---------- Data excerpts

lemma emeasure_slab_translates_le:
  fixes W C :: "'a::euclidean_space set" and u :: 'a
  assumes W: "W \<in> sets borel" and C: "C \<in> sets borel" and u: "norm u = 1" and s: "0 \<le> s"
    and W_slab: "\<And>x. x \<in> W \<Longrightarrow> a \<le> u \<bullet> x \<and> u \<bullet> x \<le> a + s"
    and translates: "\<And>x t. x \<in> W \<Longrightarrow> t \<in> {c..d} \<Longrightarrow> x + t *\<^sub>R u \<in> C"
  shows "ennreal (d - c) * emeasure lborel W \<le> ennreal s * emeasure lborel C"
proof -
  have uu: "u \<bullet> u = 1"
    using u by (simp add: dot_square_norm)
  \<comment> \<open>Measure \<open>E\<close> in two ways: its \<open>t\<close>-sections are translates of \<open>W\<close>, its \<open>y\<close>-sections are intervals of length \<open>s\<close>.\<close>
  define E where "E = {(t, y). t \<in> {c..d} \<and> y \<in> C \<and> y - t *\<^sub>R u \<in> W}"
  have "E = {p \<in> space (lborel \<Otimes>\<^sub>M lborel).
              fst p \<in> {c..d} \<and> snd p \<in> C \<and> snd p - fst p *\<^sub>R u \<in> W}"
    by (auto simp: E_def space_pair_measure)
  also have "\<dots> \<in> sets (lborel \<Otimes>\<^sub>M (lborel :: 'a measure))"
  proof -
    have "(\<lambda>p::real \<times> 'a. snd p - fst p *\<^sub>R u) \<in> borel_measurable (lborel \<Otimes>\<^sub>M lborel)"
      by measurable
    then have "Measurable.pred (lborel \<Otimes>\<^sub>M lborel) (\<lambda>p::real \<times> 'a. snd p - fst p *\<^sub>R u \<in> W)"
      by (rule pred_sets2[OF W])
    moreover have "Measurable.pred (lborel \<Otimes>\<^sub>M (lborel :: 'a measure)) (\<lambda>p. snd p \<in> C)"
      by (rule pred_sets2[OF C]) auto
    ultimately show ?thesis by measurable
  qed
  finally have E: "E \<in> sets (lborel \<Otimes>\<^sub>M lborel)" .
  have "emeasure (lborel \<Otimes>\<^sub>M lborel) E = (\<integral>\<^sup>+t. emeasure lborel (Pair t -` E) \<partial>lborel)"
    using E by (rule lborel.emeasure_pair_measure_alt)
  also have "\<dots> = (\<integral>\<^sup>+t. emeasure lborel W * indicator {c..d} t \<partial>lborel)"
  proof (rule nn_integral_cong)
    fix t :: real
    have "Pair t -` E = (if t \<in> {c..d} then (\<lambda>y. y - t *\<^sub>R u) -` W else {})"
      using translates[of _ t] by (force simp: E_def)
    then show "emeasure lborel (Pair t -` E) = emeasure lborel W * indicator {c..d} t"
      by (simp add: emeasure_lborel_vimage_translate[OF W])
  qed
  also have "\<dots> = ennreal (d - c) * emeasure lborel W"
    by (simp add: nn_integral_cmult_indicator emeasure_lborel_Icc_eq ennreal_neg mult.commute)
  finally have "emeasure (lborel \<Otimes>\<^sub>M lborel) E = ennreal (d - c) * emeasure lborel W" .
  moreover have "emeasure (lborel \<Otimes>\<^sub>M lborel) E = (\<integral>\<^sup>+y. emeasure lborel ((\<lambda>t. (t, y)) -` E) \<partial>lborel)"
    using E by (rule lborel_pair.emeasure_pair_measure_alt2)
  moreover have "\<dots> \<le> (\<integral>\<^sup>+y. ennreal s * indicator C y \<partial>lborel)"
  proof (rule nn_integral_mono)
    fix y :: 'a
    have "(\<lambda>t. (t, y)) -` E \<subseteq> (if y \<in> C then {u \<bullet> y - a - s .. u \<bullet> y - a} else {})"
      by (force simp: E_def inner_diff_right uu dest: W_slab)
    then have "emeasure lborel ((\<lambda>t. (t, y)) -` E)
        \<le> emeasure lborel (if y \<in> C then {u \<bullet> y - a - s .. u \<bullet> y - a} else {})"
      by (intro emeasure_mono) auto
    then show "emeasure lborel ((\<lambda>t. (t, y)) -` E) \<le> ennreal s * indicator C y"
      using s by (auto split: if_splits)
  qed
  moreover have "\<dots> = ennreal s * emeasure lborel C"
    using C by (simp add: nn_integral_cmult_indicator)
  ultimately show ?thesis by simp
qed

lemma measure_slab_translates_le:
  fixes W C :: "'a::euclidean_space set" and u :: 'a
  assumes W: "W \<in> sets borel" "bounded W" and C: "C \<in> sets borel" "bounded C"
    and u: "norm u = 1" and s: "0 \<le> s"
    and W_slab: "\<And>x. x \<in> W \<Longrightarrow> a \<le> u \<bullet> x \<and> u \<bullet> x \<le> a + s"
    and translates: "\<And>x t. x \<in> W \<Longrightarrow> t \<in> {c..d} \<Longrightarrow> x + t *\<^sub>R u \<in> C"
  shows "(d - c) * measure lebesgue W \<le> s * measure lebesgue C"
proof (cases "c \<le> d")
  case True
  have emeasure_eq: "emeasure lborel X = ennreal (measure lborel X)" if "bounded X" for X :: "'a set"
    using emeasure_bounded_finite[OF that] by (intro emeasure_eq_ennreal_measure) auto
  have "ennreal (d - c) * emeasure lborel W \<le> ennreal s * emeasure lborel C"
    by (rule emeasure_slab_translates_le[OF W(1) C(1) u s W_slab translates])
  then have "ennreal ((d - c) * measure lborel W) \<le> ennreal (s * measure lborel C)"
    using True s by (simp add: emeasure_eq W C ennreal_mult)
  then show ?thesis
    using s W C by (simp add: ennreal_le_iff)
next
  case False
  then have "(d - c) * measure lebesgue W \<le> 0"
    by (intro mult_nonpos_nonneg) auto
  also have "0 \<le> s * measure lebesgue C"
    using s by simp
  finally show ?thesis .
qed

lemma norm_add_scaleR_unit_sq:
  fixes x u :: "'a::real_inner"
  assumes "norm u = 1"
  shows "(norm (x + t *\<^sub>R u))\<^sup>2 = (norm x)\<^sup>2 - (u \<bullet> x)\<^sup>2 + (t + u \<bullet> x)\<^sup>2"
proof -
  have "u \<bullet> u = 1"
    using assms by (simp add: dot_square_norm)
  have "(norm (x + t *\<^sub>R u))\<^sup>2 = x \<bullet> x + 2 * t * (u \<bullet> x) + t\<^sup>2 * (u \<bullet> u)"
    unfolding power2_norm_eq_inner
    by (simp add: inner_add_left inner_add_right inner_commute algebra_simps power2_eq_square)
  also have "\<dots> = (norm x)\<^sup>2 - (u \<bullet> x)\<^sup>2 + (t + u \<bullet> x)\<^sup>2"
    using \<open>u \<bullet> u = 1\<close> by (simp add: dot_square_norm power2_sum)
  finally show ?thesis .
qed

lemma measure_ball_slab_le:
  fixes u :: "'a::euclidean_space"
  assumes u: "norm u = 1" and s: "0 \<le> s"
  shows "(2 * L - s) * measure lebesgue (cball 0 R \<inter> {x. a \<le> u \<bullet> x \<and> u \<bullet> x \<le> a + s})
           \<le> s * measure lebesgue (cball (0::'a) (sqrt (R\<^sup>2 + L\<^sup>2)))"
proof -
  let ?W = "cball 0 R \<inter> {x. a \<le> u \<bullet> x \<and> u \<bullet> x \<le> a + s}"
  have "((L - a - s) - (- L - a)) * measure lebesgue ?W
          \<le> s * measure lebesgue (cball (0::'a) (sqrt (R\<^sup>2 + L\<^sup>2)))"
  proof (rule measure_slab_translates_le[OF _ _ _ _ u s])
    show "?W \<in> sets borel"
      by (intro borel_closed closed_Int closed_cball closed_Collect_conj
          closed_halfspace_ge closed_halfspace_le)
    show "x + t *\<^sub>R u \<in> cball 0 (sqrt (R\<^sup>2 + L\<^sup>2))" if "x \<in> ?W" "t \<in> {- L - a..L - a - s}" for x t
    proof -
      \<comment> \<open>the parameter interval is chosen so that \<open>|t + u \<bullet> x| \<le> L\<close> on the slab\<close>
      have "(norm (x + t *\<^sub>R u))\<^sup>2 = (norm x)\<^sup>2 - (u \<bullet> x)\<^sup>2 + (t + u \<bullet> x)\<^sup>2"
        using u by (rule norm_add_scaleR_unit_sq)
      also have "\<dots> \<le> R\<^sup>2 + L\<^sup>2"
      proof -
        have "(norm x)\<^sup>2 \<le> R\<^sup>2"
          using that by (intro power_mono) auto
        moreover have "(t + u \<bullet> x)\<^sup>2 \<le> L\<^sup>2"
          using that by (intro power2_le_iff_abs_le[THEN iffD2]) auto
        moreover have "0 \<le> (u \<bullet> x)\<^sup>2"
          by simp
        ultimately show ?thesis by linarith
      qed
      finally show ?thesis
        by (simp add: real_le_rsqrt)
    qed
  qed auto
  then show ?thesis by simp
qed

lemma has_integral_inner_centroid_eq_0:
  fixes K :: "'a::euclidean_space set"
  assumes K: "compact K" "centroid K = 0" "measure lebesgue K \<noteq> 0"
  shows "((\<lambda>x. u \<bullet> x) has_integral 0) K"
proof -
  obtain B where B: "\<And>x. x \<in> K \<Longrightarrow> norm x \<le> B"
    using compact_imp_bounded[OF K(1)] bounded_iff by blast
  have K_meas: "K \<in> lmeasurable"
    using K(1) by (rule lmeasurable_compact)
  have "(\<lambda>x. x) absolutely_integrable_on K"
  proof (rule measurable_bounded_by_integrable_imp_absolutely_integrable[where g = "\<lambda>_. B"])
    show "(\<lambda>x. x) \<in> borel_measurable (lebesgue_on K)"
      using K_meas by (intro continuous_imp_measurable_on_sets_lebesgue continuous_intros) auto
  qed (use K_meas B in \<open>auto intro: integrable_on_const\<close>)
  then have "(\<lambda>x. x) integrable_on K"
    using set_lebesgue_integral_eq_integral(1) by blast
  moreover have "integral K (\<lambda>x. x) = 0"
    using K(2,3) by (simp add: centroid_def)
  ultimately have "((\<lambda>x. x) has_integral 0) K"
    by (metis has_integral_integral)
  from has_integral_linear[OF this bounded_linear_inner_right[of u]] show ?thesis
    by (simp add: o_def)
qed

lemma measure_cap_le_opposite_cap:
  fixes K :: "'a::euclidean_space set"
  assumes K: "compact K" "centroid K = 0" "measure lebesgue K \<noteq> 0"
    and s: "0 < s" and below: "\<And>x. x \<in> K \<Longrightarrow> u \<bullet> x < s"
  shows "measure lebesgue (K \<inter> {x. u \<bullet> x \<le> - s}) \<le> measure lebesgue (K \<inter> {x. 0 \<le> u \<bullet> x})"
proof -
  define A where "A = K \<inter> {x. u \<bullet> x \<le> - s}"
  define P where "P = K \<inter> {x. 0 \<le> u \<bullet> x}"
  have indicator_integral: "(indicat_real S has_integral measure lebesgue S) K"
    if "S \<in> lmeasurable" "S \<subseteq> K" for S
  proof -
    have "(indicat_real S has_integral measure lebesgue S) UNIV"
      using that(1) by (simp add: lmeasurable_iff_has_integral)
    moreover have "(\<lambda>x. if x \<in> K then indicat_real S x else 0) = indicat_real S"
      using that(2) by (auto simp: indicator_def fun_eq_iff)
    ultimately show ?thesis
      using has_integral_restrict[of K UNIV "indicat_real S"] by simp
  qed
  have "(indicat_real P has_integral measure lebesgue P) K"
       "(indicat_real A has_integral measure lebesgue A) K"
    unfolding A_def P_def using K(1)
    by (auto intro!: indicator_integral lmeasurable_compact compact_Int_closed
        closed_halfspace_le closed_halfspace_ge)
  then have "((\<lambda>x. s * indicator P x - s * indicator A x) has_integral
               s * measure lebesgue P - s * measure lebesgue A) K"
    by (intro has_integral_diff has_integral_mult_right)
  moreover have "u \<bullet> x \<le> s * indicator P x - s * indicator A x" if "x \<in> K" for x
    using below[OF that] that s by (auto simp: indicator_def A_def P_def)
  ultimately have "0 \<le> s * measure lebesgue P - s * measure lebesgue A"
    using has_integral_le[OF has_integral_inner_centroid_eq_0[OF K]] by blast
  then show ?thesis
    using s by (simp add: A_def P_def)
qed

--------------------

### The problem
Give back the listing exactly, please, from its first line to the line containing "by (rule pred_sets2[OF C]) auto", inclusive, and nothing past that line.

### Exercise result
lemma emeasure_slab_translates_le:
  fixes W C :: "'a::euclidean_space set" and u :: 'a
  assumes W: "W \<in> sets borel" and C: "C \<in> sets borel" and u: "norm u = 1" and s: "0 \<le> s"
    and W_slab: "\<And>x. x \<in> W \<Longrightarrow> a \<le> u \<bullet> x \<and> u \<bullet> x \<le> a + s"
    and translates: "\<And>x t. x \<in> W \<Longrightarrow> t \<in> {c..d} \<Longrightarrow> x + t *\<^sub>R u \<in> C"
  shows "ennreal (d - c) * emeasure lborel W \<le> ennreal s * emeasure lborel C"
proof -
  have uu: "u \<bullet> u = 1"
    using u by (simp add: dot_square_norm)
  \<comment> \<open>Measure \<open>E\<close> in two ways: its \<open>t\<close>-sections are translates of \<open>W\<close>, its \<open>y\<close>-sections are intervals of length \<open>s\<close>.\<close>
  define E where "E = {(t, y). t \<in> {c..d} \<and> y \<in> C \<and> y - t *\<^sub>R u \<in> W}"
  have "E = {p \<in> space (lborel \<Otimes>\<^sub>M lborel).
              fst p \<in> {c..d} \<and> snd p \<in> C \<and> snd p - fst p *\<^sub>R u \<in> W}"
    by (auto simp: E_def space_pair_measure)
  also have "\<dots> \<in> sets (lborel \<Otimes>\<^sub>M (lborel :: 'a measure))"
  proof -
    have "(\<lambda>p::real \<times> 'a. snd p - fst p *\<^sub>R u) \<in> borel_measurable (lborel \<Otimes>\<^sub>M lborel)"
      by measurable
    then have "Measurable.pred (lborel \<Otimes>\<^sub>M lborel) (\<lambda>p::real \<times> 'a. snd p - fst p *\<^sub>R u \<in> W)"
      by (rule pred_sets2[OF W])
    moreover have "Measurable.pred (lborel \<Otimes>\<^sub>M (lborel :: 'a measure)) (\<lambda>p. snd p \<in> C)"
      by (rule pred_sets2[OF C]) auto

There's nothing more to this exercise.